I pass moments in my days when my reality around me is like looking at a three dimensional mirror. A reflection of something real, but not real. And the moment that I'm looking at, and each one of them, I swear has all happened before.

I've been spending money with no reservations. I've been spending money with no attachments. I've been spending money like I don't have long to live. And I (wishfully) think I don't. I'm thinking within a year because of health reasons. I'm not thinking of suicide at all anymore. Zilch. Not a mote, not a speck. I mean, I am, but . . . you know what I mean.

No?

Good, you're not supposed to. I don't know what you were thinking when you thought you knew what I meant.

I got back from the U.S. on Wednesday, and I felt like something has changed, but something always feels like it's changed. It's probably really just all made up. Being sick of learning a language with no results has reached a new level.

Going to the U.S. broke the habits I had fallen into, and when I got back, I tried not to fall back into those habits. And then I found myself automatically forming new habits.

These habits are like trying to make life predictable. And life is neither predictable nor permanent. So what I'm trying to do to make life more comfortable by creating habits is going against the very nature of living, which is spontaneous in its formation, creation and destruction.

Slaves of habit, following the clock, and I turn my head and everything is different.

FRIDAY, AUGUST 3, 6:25 a.m. - Right bank of the Xindian River between the Huacui and Wanban bridges with ongoing construction of an elevated freeway in Taipei County.
SATURDAY, AUGUST 4, 6:27 a.m. - Rode up to the Maokong tea growing region in the mountains south of Taipei.

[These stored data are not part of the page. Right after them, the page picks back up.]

text \<open>
  Almost surely the observations have nonzero coordinates and no two of them share a value in
  any coordinate.  Then every interior generator x is pinned down by an injection s from the
  coordinates into the observations: x_j is the j-th coordinate of observation s(j), and that
  observation exceeds x strictly in every other coordinate.  Conversely, the "diagonal point"
  built in this way from an injection s is an interior generator whenever each s(j) exceeds it
  off coordinate j and no observation strictly dominates it.  So I_{d,n} is a sum of
  n(n-1)...(n-d+1) equal probabilities.  Given the diagonal point x, the d(d-1) off-diagonal
  entries of the chosen observations exceed the corresponding coordinates of x with probability
  (prod_k (1 - x_k))^(d-1), and each of the n - d remaining observations fails to dominate x with
  probability 1 - prod_k (1 - x_k).
\<close>

section \<open>Product measures\<close>

lemma product_sigma_finite_prob_space:
  assumes "prob_space N"
  shows "product_sigma_finite (\<lambda>_::'i. N)"
proof -
  interpret prob_space N by fact
  show ?thesis by unfold_locales
qed

text \<open>Unlike \<open>measurable_component_singleton\<close>, this needs no \<open>k \<in> J\<close>: outside \<open>J\<close> the
  component is constantly \<open>undefined\<close> on the product space.\<close>
lemma borel_measurable_PiM_component:
  fixes M :: "real measure"
  assumes "sets M = sets borel"
  shows "(\<lambda>y. y k) \<in> borel_measurable (PiM J (\<lambda>_. M))"
proof (cases "k \<in> J")
  case True
  then have "(\<lambda>y. y k) \<in> measurable (PiM J (\<lambda>_. M)) M"
    by (rule measurable_component_singleton)
  also have "measurable (PiM J (\<lambda>_. M)) M = borel_measurable (PiM J (\<lambda>_. M))"
    by (rule measurable_cong_sets) (auto simp: assms)
  finally show ?thesis .
next
  case False
  have "(\<lambda>y. undefined :: real) \<in> borel_measurable (PiM J (\<lambda>_. M))"
    by (rule borel_measurable_const)
  moreover have "y k = undefined" if "y \<in> space (PiM J (\<lambda>_. M))" for y
    using that False by (metis PiE_arb space_PiM)
  ultimately show ?thesis
    using measurable_cong[of "PiM J (\<lambda>_. M)" "\<lambda>y. y k" "\<lambda>y. undefined" borel] by blast
qed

Zhinan temple at the right and Taipei 101 at the left (in the same frame!)
6:29 a.m. - Zhinan temple, I did my best to pull this image out of the haze of the morning sun.
6:367 a.m. - On my new bike with a new Cateye computer and old Timex Helix altimeter watch. I was looking for the highest point on these roads. 1,430 ft. for the record.
6:38 a.m. - Tea plantation.
6:59 a.m. - Directory for the various tea houses and places of interest in Maokong. These are new and made in anticipation of an influx of tourists brought by the new cable car. My bike now with an air stick pump and under-seat bag.
7:04 a.m. - Starting my descent on the road east of the Maokong cable car gondola station with the Shin Kong Mitsukoshi building and Yangmingshan in the distance at the left.
7:36 a.m. - Looking back up at the Maokong gondola station. The descending road doubles back under the gondola line. I was taking my time going down.
AUGUST 5, 5:47 a.m. - Actually . . . I have NO IDEA where this was taken so early in the morning. There is nothing recognizable. There are words on the left suggesting that may be Xindian on the left. The sun suggests this is shooting west/north-ish as a wide range. I'm on a fairly high bridge. It looks more like the Xindian River rather than the Jingmei; could be either but I'm pressed to pinpoint where the Jingmei is this wide. Nothing else was shot on any camera to indicate where I was or went. It's obviously not a place I frequented but I rarely shoot so little in a new place. No bridge on Google Maps matches this scene. I hate unsolved mysteries in my own photographic record.